This is a package that helps data scientists and data analysts to capture notes while they work through data science tasks. The captured tasks can then be searched and analyzed.

Project description

Knowledge Management for Data Science (KMDS)

Capture, organize, and reuse knowledge from your data science experiments.

🌟 What is KMDS?

KMDS is a Python-based tool for systematic knowledge management in data science and analytics projects. It helps you document the incremental process of exploration, data preparation, and model development — capturing context, decisions, and rationale so that valuable insights are not lost over time.

The Problem It Solves

Experimental work generates a stream of decisions and findings. The context and rationale behind each step are often documented ad-hoc, if at all. When it is time to revisit a question or build on earlier work, the research trail has gone cold. KMDS fixes this by providing a structured, ontology-backed way to log, search, and share your findings.

Who Can Use KMDS?

KMDS was originally designed for data scientists writing Python. Recent additions to the CLI and natural-language tooling mean it is now practical for a broader set of users:

User	How they interact with KMDS
Data scientist	Python API, notebooks, CLI — full access to all features
Software developer	CLI tools and Python API for automating knowledge capture in pipelines
Business analyst	CLI commands and natural-language ingestion — no ontology code required

🎥 Watch a quick overview of KMDS: YouTube Video

✨ Key Features

Structured Observation Capture: Log findings from exploration, data representation, modeling choice, and model selection stages using Python or the CLI.
Natural Language Ingestion: Describe a finding in plain English — KMDS classifies it, extracts structured entities, and optionally logs it to the knowledge base. No ontology code required.
Ontology-Backed Knowledge Base: Store and reload workflow knowledge as RDF/OWL artifacts that can be shared across projects and teams.
Semantic Search: Build a vector index from your knowledge base and retrieve relevant findings with natural-language queries.
LLM Search Orchestrator: Route natural-language questions to structured KMDS search templates with automatic semantic fallback.
CLI-First Usability: Every major feature is accessible as a command-line tool — usable by developers and analysts without writing notebook code.
Simple Reporting Surface: Load observations into tabular form for review, sharing, and downstream analysis.

🚀 Getting Started

1. Installation

Install KMDS in your Python environment:

pip install kmds

2. Usage

As you work through your analysis, log your findings to kmds. Check out the examples below.

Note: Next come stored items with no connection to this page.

lemma sum_subset_weight_supsets:
  assumes A: "finite A" and "X \<subseteq> A"
  shows "(\<Sum>S\<in>Pow A. subset_weight p A S * (if X \<subseteq> S then 1 else 0)) = p ^ card X"
proof -
  have "subset_weight p A S * (if X \<subseteq> S then 1 else 0)
      = (\<Prod>a\<in>S. p) * (\<Prod>a\<in>A - S. if a \<in> X then 0 else 1 - p)" if "S \<subseteq> A" for S
  proof (cases "X \<subseteq> S")
    case True
    then have "(\<Prod>a\<in>A - S. if a \<in> X then 0 else 1 - p) = (\<Prod>a\<in>A - S. 1 - p)"
      by (intro prod.cong) auto
    then show ?thesis using True by (simp add: subset_weight_def)
  next
    case False
    then obtain a where "a \<in> (A - S) \<inter> X" using \<open>X \<subseteq> A\<close> by blast
    then have "(\<Prod>a\<in>A - S. if a \<in> X then 0 else 1 - p) = 0"
      using A by (subst prod_zero_iff) auto
    then show ?thesis using False by simp
  qed
  then have "(\<Sum>S\<in>Pow A. subset_weight p A S * (if X \<subseteq> S then 1 else 0))
      = (\<Sum>S\<in>Pow A. (\<Prod>a\<in>S. p) * (\<Prod>a\<in>A - S. if a \<in> X then 0 else 1 - p))"
    by (intro sum.cong) auto
  also have "\<dots> = (\<Prod>a\<in>A. p + (if a \<in> X then 0 else 1 - p))"
    by (rule prod_add[OF A, symmetric])
  also have "\<dots> = (\<Prod>a\<in>A. if a \<in> X then p else 1)"
    by (intro prod.cong) auto
  also have "\<dots> = p ^ card X"
    using A \<open>X \<subseteq> A\<close> by (simp add: prod.If_cases Int_absorb1)
  finally show ?thesis .
qed

lemma sum_subset_weight: "finite A \<Longrightarrow> (\<Sum>S\<in>Pow A. subset_weight p A S) = 1"
  using sum_subset_weight_supsets[of A "{}" p] by simp

lemma exists_ge_weighted_average:
  fixes w f :: "'b \<Rightarrow> real"
  assumes "finite I" and "\<And>i. i \<in> I \<Longrightarrow> 0 \<le> w i" and "(\<Sum>i\<in>I. w i) = 1"
  shows "\<exists>i\<in>I. (\<Sum>j\<in>I. w j * f j) \<le> f i"
proof -
  have "I \<noteq> {}" using assms(3) by auto
  then have "Max (f ` I) \<in> f ` I" using \<open>finite I\<close> by simp
  then obtain i where i: "i \<in> I" "f i = Max (f ` I)" by auto
  have "(\<Sum>j\<in>I. w j * f j) \<le> (\<Sum>j\<in>I. w j * f i)"
    using i \<open>finite I\<close> assms(2) by (intro sum_mono mult_left_mono) auto
  also have "\<dots> = f i" using assms(3) by (simp add: sum_distrib_right[symmetric])
  finally show ?thesis using i(1) by blast
qed

lemma exists_subset_card_minus_covered_ge:
  fixes p :: real
  assumes V: "finite V" and F: "F \<subseteq> Pow V" and p: "0 \<le> p" "p \<le> 1"
  obtains S where "S \<subseteq> V"
    "real (card V) * p - (\<Sum>X\<in>F. p ^ card X) \<le> real (card S) - real (card {X\<in>F. X \<subseteq> S})"
proof -
  have "finite F" using F V by (meson finite_Pow_iff finite_subset)
  let ?w = "subset_weight p V"
  have card_as_sum: "real (card S) = (\<Sum>v\<in>V. if {v} \<subseteq> S then 1 else 0)" if "S \<subseteq> V" for S
    using V that by (simp add: sum.If_cases Int_absorb1)
  have covered_as_sum: "real (card {X\<in>F. X \<subseteq> S}) = (\<Sum>X\<in>F. if X \<subseteq> S then 1 else 0)" for S
    using \<open>finite F\<close> by (simp add: sum.If_cases Int_def)
  have "(\<Sum>S\<in>Pow V. ?w S * (real (card S) - real (card {X\<in>F. X \<subseteq> S})))
      = (\<Sum>S\<in>Pow V. \<Sum>v\<in>V. ?w S * (if {v} \<subseteq> S then 1 else 0))
        - (\<Sum>S\<in>Pow V. \<Sum>X\<in>F. ?w S * (if X \<subseteq> S then 1 else 0))"
    by (simp add: card_as_sum covered_as_sum right_diff_distrib sum_subtractf sum_distrib_left)
  also have "\<dots> = (\<Sum>v\<in>V. \<Sum>S\<in>Pow V. ?w S * (if {v} \<subseteq> S then 1 else 0))
        - (\<Sum>X\<in>F. \<Sum>S\<in>Pow V. ?w S * (if X \<subseteq> S then 1 else 0))"
    by (simp only: sum.swap[of _ "Pow V"])
  also have "\<dots> = real (card V) * p - (\<Sum>X\<in>F. p ^ card X)"
  proof -
    have "(\<Sum>S\<in>Pow V. ?w S * (if {v} \<subseteq> S then 1 else 0)) = p" if "v \<in> V" for v
      using sum_subset_weight_supsets[OF V, of "{v}" p] that by simp
    moreover have "(\<Sum>S\<in>Pow V. ?w S * (if X \<subseteq> S then 1 else 0)) = p ^ card X" if "X \<in> F" for X
      using sum_subset_weight_supsets[OF V, of X p] that F by blast
    ultimately show ?thesis by simp
  qed
  finally have expectation: "(\<Sum>S\<in>Pow V. ?w S * (real (card S) - real (card {X\<in>F. X \<subseteq> S})))
      = real (card V) * p - (\<Sum>X\<in>F. p ^ card X)" .
  have "\<exists>S\<in>Pow V. (\<Sum>S\<in>Pow V. ?w S * (real (card S) - real (card {X\<in>F. X \<subseteq> S})))
      \<le> real (card S) - real (card {X\<in>F. X \<subseteq> S})"
  proof (rule exists_ge_weighted_average)
    show "0 \<le> ?w S" if "S \<in> Pow V" for S
      unfolding subset_weight_def using p by (intro mult_nonneg_nonneg zero_le_power) simp_all
  qed (use V sum_subset_weight[OF V] in simp_all)
  then show ?thesis using that expectation by auto
qed

lemma card_le_alpha_acyclic:
  assumes "finite V" "S \<subseteq> V" "acyclic_set E S"
  shows "card S \<le> alpha_acyclic V E"
proof -
  have "{card S | S. S \<subseteq> V \<and> acyclic_set E S} \<subseteq> card ` Pow V" by blast
  then have "finite {card S | S. S \<subseteq> V \<and> acyclic_set E S}"
    using \<open>finite V\<close> by (meson finite_Pow_iff finite_imageI finite_subset)
  then show ?thesis unfolding alpha_acyclic_def using assms(2,3) by (blast intro: Max_ge)
qed

lemma alpha_acyclic_ge_card_minus_covered:
  assumes V: "finite V" and F: "finite F" "{} \<notin> F" and "S \<subseteq> V"
    and hitting: "\<And>cs. is_dcycle E cs \<Longrightarrow> \<exists>X\<in>F. X \<subseteq> set cs"
  shows "real (card S) - real (card {X\<in>F. X \<subseteq> S}) \<le> real (alpha_acyclic V E)"
proof -
  define c where "c X = (SOME x. x \<in> X)" for X :: "'a set"
  have c: "c X \<in> X" if "X \<in> F" for X
    using F(2) that unfolding c_def by (metis some_in_eq)
  define S' where "S' = S - c ` {X\<in>F. X \<subseteq> S}"
  have "card S - card (c ` {X\<in>F. X \<subseteq> S}) \<le> card S'"
    unfolding S'_def by (rule diff_card_le_card_Diff) (use F(1) in simp)
  moreover have "card (c ` {X\<in>F. X \<subseteq> S}) \<le> card {X\<in>F. X \<subseteq> S}"
    using F(1) by (intro card_image_le) simp
  ultimately have "real (card S) - real (card {X\<in>F. X \<subseteq> S}) \<le> real (card S')" by linarith
  moreover have "acyclic_set E S'"
    unfolding acyclic_set_def
  proof
    assume "\<exists>cs. is_dcycle E cs \<and> set cs \<subseteq> S'"
    then obtain cs X where "is_dcycle E cs" "set cs \<subseteq> S'" "X \<in> F" "X \<subseteq> set cs"
      using hitting by blast
    then have "c X \<in> S'" and "X \<subseteq> S" using c unfolding S'_def by blast+
    then show False using \<open>X \<in> F\<close> unfolding S'_def by blast
  qed
  moreover have "S' \<subseteq> V" using \<open>S \<subseteq> V\<close> unfolding S'_def by blast
  ultimately show ?thesis using card_le_alpha_acyclic[OF V] by (meson of_nat_le_iff order_trans)
qed

lemma girth_le: "is_dcycle E cs \<Longrightarrow> girth E \<le> length cs"
  unfolding girth_def by (rule Least_le) blast

lemma girth_attained:
  assumes "has_dcycle E"
  obtains cs where "is_dcycle E cs" "length cs = girth E"
proof -
  have "\<exists>cs. is_dcycle E cs \<and> length cs = girth E"
    unfolding girth_def by (rule LeastI_ex) (use assms in \<open>auto simp: has_dcycle_def\<close>)
  then show ?thesis using that by blast
qed

lemma two_le_girth:
  assumes "has_dcycle E" shows "2 \<le> girth E"
proof -
  obtain cs where "is_dcycle E cs" "length cs = girth E" using girth_attained assms .
  then show ?thesis by (simp add: is_dcycle_def)
qed

lemma girth_le_card:
  assumes "digraph V E" "has_dcycle E"
  shows "girth E \<le> card V"
proof -
  obtain cs where cs: "is_dcycle E cs" "length cs = girth E" using girth_attained assms(2) .
  then have "set cs \<subseteq> V" using assms(1) set_dcycle_subset by (auto simp: digraph_def)
  then have "card (set cs) \<le> card V" using assms(1) by (intro card_mono) (auto simp: digraph_def)
  then show ?thesis using cs distinct_card by (fastforce simp: is_dcycle_def)
qed

definition induced_dcycle_vertex_sets :: "('a \<times> 'a) set \<Rightarrow> 'a set set" where
  "induced_dcycle_vertex_sets E = {set cs | cs. is_induced_dcycle E cs}"

lemma induced_dcycle_vertex_sets_subset_Pow:
  "E \<subseteq> V \<times> V \<Longrightarrow> induced_dcycle_vertex_sets E \<subseteq> Pow V"
  by (auto simp: induced_dcycle_vertex_sets_def is_induced_dcycle_def dest: set_dcycle_subset)

lemma girth_le_card_induced_dcycle_vertex_set:
  assumes "X \<in> induced_dcycle_vertex_sets E"
  shows "girth E \<le> card X"
proof -
  obtain cs where X: "X = set cs" and cs: "is_dcycle E cs"
    using assms by (auto simp: induced_dcycle_vertex_sets_def is_induced_dcycle_def)
  have "card X = length cs" using cs distinct_card unfolding X is_dcycle_def by blast
  with girth_le[OF cs] show ?thesis by simp
qed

3. Quick Summary Logging (CLI)

KMDS now supports logging exploratory observations directly from a free-text project summary. This is useful for business analysts and other non-developers who want to capture findings quickly.

Application workflow example (explicit, non-interactive):

kmds-summary-log \
  --summary "This is a daily reporting workflow for support operations. Missing category labels were found in intake data." \
  --workflow-name "support_reporting_intake" \
  --workflow-type application \
  --project-file ./support_reporting_intake.xml \
  --create-project \
  --no-prompt

Ambiguous summary example (interactive prompt):

kmds-summary-log \
  --summary "Project kickoff notes for the upcoming quarter." \
  --workflow-name "quarterly_kickoff_notes" \
  --project-file ./quarterly_kickoff_notes.xml \
  --create-project

In the ambiguous case, KMDS will ask whether the workflow is application or experimental, then continue logging exploratory observations.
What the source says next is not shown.